Have you ever noticed how simply adding a fresh layer of mulch to a landscape can transform the appearance? Mulch can make even the roughest looking plants and landscape look like someone has spent time keeping it clean and tidy, even if all you did was dump some bags out and spread the mulch around. It’s every gardener and landscaper’s go-to product for an instant face-lift for your yard!
When we talk about mulch giving your yard that instant aesthetic boost, we like to think of that as putting some makeup on the landscape. If you have blemishes or dark spots, make-up will do a great job to cover that up and make the rest of your face shine to overshadow the spots we don’t like. To help the spots we don’t like, it takes skincare products – serums, creams, washes, and all the other lotions and potions we’re always using! Mulch can serve as the make-up for your landscape. It can cover up weedy spaces and distract from unhealthy plants but the issues are still there beneath the new mulch. Looking for the good news? Mulch is actually makeup and skincare all-in-one for our yard! Let’s look at some of the benefits of mulch.
Mulch serves as a little layer of insulation between the soil and the plant roots and the outside environment. This helps to protect the soil, our good soil microbes, and the roots in the soil from extreme temperatures. The roots that actually feed our plants are in the top 2-6 inches of soil and are very fine. On the hottest days, these tiny roots can fry if the soil is exposed and begins to get too warm. In the winter, mulch can keep the soil temperature just a few degrees warmer, protecting some of our more cold sensitive plants from the coldest days. Moderating the soil temperature in extreme conditions keeps the soil healthy and our plant roots thriving.
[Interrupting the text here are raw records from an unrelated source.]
lemma peb_moves_twice:
  assumes "a \<in> V" "p \<in> V" "E a p" "a \<noteq> p" "4 \<le> D a"
  shows "(peb_move V E)\<^sup>*\<^sup>* D (D(a := D a - 4, p := D p + 2))"
proof -
  let ?D1 = "D(a := D a - 2, p := D p + 1)"
  have "peb_move V E D ?D1" using assms by (intro peb_move_along) auto
  moreover have "peb_move V E ?D1 (?D1(a := ?D1 a - 2, p := ?D1 p + 1))"
    using assms by (intro peb_move_along) auto
  moreover have "?D1(a := ?D1 a - 2, p := ?D1 p + 1) = D(a := D a - 4, p := D p + 2)"
    using assms by auto
  ultimately show ?thesis by (metis converse_rtranclp_into_rtranclp r_into_rtranclp)
qed

lemma peb_moves_along_two_edges:
  assumes "a \<in> V" "p \<in> V" "u \<in> V" "E a p" "E p u" "distinct [a, p, u]" "4 \<le> D a"
  shows "(peb_move V E)\<^sup>*\<^sup>* D (D(a := D a - 4, u := D u + 1))"
proof -
  let ?D2 = "D(a := D a - 4, p := D p + 2)"
  have "(peb_move V E)\<^sup>*\<^sup>* D ?D2" using assms by (intro peb_moves_twice) auto
  moreover have "peb_move V E ?D2 (?D2(p := ?D2 p - 2, u := ?D2 u + 1))"
    using assms by (intro peb_move_along) auto
  moreover have "?D2(p := ?D2 p - 2, u := ?D2 u + 1) = D(a := D a - 4, u := D u + 1)"
    using assms by auto
  ultimately show ?thesis by (metis rtranclp.rtrancl_into_rtrancl)
qed

lemma reachable_if_pebble: "1 \<le> D v \<Longrightarrow> reachable V E D v"
  unfolding reachable_def by simp

lemma reachable_if_neighbour_pair: "w \<in> V \<Longrightarrow> E w v \<Longrightarrow> 2 \<le> D w \<Longrightarrow> reachable V E D v"
  unfolding reachable_def by blast

lemma reachable_at_distance_two:
  assumes "a \<in> V" "u \<in> V" "E a u" "E u v" "a \<noteq> u" "4 \<le> D a"
  shows "reachable V E D v"
  using assms peb_moves_twice[of a V u E D] unfolding reachable_def by fastforce

lemma reachable_from_two_stacks:
  assumes "a \<in> V" "p \<in> V" "u \<in> V" "b \<in> V" "q \<in> V"
    and "E a p" "E p u" "E b q" "E q u" "E u v"
    and "distinct [a, p, u, b, q]" "4 \<le> D a" "4 \<le> D b"
  shows "reachable V E D v"
proof -
  let ?D' = "D(a := D a - 4, u := D u + 1)"
  have "(peb_move V E)\<^sup>*\<^sup>* D ?D'" using assms by (intro peb_moves_along_two_edges) auto
  moreover have "(peb_move V E)\<^sup>*\<^sup>* ?D' (?D'(b := ?D' b - 4, u := ?D' u + 1))"
    using assms by (intro peb_moves_along_two_edges[where p = q]) auto
  ultimately have "(peb_move V E)\<^sup>*\<^sup>* D (?D'(b := ?D' b - 4, u := ?D' u + 1))" by simp
  moreover have "2 \<le> (?D'(b := ?D' b - 4, u := ?D' u + 1)) u" by simp
  ultimately show ?thesis using assms(3,10) unfolding reachable_def by blast
qed

lemma peb_moves_from_zero: "(peb_move V E)\<^sup>*\<^sup>* (\<lambda>_. 0) D \<Longrightarrow> D = (\<lambda>_. 0)"
  by (induction rule: rtranclp_induct) (auto simp: peb_move_def)
(* Let $\alpha,\beta:\mathcal{X}\to\mathcal{Y}$ be two linear maps between vector spaces $\mathcal{X},\mathcal{Y}$ over $\mathbb{R}$. (1) If $\beta(\ker\alpha)\cap\mathrm{im}\,\alpha=\{0\}\subset\mathcal{Y}$, then a generic linear combination $\gamma$ of $\alpha$ and $\beta$ satisfies $\ker\gamma=\ker\alpha\cap\ker\beta$. (2) If $\beta^{\diamondsuit}(\ker\alpha^{\diamondsuit})\cap\mathrm{im}\,\alpha^{\diamondsuit}=\{0\}\subset\mathcal{X}^{\diamondsuit}$, or equivalently $\beta^{-1}(\mathrm{im}\,\alpha)+\ker\alpha=\mathcal{X}$, then a generic linear combination $\gamma$ of $\alpha$ and $\beta$ satisfies $\mathrm{im}\,\gamma=\mathrm{im}\,\alpha+\mathrm{im}\,\beta$.
   Context: $(\cdot)^{\diamondsuit}$ denotes the dual vector space and dual (transpose) linear map. A generic linear combination of $\alpha$ and $\beta$ means $a\alpha+b\beta$ for $(a,b)$ in an open dense subset of $\mathbb{R}^2$. *)

theory Defs
  imports "HOL-Analysis.Analysis"
begin

text \<open>A property P of pairs (a,b) holds for a generic linear combination a*alpha + b*beta
  if it holds for all (a,b) in some open dense subset of R^2.\<close>
definition generic_comb :: "(real \<Rightarrow> real \<Rightarrow> bool) \<Rightarrow> bool" where
  "generic_comb P \<longleftrightarrow> (\<exists>U :: (real \<times> real) set. open U \<and> closure U = UNIV \<and>
      (\<forall>p\<in>U. P (fst p) (snd p)))"

definition ker :: "('a \<Rightarrow> 'b::zero) \<Rightarrow> 'a set" where
  "ker f = {x. f x = 0}"

definition dual_space :: "('a::real_vector \<Rightarrow> real) set" where
  "dual_space = {\<phi>. linear \<phi>}"

definition dual_map :: "('a::real_vector \<Rightarrow> 'b::real_vector) \<Rightarrow> ('b \<Rightarrow> real) \<Rightarrow> ('a \<Rightarrow> real)" where
  "dual_map f \<phi> = \<phi> \<circ> f"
Having a layer of mulch reduces soil water loss due to heat and evaporation. This means we don’t have to water so often and that’s a good thing! Mulch can also help to absorb some water if there’s heavy rainfall and reduce the risk of soil flooding. Keeping soil moisture more stable is also beneficial to the good soil microbes that are essential to having healthy soils.
This benefit is exclusive to wood mulch, straw, pine needles, or other mulches that are made of plant material rather than something like rubber. This is a huge reason why we do not recommend rubber mulch but that is another topic for another day! You’ve probably heard of using compost (broken down organic materials) to enrich your soil. When you use a non-rubber mulch, it will eventually break down, becoming a compost of sorts for your soil! It is like you are getting a slow-release fertilizer included with your mulch. Different types of mulch break down at different rates, each coming with its own pros and cons but as long as it is made from a previously living material, it will eventually break down and provide great benefits to your soil nutrients and structure!
Most people probably think of mulch as a weed management strategy and it certainly is! A few words of caution when considering this benefit though. Mulch will probably not help with perennial weeds that come back each year such as vines, thistles, nutsedge, creeping Charlie, and many more. We also don’t want you to think that more mulch is always better to prevent weeds. Too much mulch can lead to many issues for your plants and your soil. Finally, do not be surprised to get a few weeds every now and then. An appropriate amount of mulch can go a long way in reducing the amount of weeds in your yard but it is not a guarantee to have weed-free beds.
If soil is left bare, it’s easily washed away by rainfall or wind. Covering soil with mulch helps to protect the valuable topsoil from being swept away by wind. Mulch slows the movement of water over the soil’s surface and catches soil particles that are being moved by water from rainstorms. It is always best to reduce erosion whenever possible and mulch is a great way to do this, especially in areas that aren’t covered with plant material.
A healthy soil is 50% empty space made by tiny pores in the soil that contain either air or water, depending on recent weather. When we walk or drive on soil, we put pressure on the soil that mashes those pores out of the soil. If there is reduced pore space in the soil, the soil may not be able to hold as much water, water may not be able to flow through the soil well, or the plant roots might not be able to get the oxygen they need to live. It’s important to reduce the compaction to our soil to keep our plants healthy. Mulch puts a cushion layer between the pressure we apply by walking or driving and the soil. The mulch helps distribute the pressure, reducing the compaction to the soil.
Wow, so many good things about something as simple as mulch! We never leave an installation without giving it a good dose of skincare and a little make-up 😉 We’ll investigate different types of mulch in a later post to help you choose the mulch that will provide the most benefit while being best suited for your property! Happy mulching!